§ **EXERCISE PROMPT**: Please look for the string "assms" below and report every line in which it occurs.

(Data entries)
************
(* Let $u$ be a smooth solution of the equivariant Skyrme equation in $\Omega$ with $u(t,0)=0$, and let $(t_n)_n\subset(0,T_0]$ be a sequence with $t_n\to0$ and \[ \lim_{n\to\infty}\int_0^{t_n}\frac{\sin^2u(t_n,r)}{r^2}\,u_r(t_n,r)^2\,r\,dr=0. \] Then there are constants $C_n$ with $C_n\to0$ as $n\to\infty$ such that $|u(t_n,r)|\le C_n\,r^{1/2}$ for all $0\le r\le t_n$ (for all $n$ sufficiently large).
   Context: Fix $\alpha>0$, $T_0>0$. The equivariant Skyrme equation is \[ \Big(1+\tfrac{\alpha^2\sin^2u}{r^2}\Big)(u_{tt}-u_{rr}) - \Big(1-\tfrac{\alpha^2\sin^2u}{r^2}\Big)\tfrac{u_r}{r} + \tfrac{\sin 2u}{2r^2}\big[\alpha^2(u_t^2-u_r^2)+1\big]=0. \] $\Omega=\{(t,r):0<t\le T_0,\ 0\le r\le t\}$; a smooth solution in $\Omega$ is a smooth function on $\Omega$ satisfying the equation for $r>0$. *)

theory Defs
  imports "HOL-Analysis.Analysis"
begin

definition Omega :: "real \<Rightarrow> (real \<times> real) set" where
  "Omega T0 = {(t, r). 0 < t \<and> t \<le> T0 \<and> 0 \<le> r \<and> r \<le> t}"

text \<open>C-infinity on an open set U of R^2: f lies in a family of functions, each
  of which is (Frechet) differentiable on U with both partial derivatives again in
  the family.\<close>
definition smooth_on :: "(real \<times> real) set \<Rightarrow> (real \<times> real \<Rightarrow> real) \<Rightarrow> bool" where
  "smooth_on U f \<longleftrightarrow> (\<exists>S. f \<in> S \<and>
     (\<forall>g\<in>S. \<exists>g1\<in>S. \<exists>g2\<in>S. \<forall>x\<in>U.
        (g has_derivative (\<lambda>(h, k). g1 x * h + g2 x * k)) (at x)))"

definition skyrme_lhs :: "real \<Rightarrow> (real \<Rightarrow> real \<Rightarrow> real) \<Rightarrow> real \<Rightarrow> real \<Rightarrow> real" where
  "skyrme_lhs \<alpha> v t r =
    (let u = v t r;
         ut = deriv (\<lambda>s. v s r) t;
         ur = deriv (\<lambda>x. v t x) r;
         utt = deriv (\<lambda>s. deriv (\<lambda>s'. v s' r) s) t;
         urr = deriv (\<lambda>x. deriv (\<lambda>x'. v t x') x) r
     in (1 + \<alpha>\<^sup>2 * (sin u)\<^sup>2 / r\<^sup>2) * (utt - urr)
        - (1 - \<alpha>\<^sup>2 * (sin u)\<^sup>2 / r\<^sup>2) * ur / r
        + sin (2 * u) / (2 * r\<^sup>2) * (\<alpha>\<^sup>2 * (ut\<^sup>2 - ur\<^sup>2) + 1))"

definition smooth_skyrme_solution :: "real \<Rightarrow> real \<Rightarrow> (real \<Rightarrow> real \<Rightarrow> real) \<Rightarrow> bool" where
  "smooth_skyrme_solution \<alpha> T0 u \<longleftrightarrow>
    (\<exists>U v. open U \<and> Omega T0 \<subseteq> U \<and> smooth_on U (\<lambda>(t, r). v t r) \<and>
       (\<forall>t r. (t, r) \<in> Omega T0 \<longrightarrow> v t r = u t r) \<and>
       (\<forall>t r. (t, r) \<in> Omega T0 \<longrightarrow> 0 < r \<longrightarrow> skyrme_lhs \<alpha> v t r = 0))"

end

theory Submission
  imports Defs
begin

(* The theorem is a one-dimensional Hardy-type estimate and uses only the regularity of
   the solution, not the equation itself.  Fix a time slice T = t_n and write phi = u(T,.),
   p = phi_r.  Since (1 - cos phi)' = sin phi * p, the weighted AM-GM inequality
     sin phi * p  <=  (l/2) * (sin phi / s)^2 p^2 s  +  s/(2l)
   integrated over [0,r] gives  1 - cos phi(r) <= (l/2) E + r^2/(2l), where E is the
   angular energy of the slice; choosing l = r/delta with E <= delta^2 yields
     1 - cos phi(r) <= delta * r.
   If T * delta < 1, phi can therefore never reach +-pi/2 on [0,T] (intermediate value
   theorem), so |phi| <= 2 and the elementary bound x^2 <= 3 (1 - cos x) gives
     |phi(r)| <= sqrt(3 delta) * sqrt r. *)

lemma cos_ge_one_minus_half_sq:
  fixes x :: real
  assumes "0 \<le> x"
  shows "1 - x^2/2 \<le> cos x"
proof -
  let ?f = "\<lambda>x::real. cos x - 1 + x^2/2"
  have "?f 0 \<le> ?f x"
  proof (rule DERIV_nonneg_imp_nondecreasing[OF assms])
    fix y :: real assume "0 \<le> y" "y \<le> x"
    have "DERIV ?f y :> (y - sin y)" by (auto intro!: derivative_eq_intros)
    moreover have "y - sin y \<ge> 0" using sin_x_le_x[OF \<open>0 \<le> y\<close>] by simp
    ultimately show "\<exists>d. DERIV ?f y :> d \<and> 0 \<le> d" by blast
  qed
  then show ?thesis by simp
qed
************
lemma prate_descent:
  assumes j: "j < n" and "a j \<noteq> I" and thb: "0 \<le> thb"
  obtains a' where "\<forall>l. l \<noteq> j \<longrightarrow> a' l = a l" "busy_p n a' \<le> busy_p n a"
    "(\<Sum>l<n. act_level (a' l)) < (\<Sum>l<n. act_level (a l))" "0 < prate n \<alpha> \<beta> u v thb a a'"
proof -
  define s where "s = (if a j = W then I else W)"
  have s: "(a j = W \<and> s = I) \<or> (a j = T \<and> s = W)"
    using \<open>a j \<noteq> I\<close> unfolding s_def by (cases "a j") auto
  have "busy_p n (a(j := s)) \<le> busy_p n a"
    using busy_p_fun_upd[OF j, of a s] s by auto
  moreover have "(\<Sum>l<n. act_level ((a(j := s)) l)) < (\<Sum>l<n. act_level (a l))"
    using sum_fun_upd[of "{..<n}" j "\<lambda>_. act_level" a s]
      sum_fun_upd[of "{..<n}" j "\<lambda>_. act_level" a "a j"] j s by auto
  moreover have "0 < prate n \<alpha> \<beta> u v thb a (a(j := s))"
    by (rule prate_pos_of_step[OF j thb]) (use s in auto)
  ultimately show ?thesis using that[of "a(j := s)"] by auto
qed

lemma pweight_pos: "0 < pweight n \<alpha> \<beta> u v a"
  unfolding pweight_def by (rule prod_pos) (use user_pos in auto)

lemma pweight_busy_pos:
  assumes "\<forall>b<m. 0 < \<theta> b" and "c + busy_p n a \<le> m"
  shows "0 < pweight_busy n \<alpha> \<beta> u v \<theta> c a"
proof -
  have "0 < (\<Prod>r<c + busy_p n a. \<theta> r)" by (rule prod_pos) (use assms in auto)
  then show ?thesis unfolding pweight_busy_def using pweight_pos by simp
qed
************
§ **OUTPUT OF THE TASK**:
  proof (rule DERIV_nonneg_imp_nondecreasing[OF assms])
  have "0 < (\<Prod>r<c + busy_p n a. \<theta> r)" by (rule prod_pos) (use assms in auto)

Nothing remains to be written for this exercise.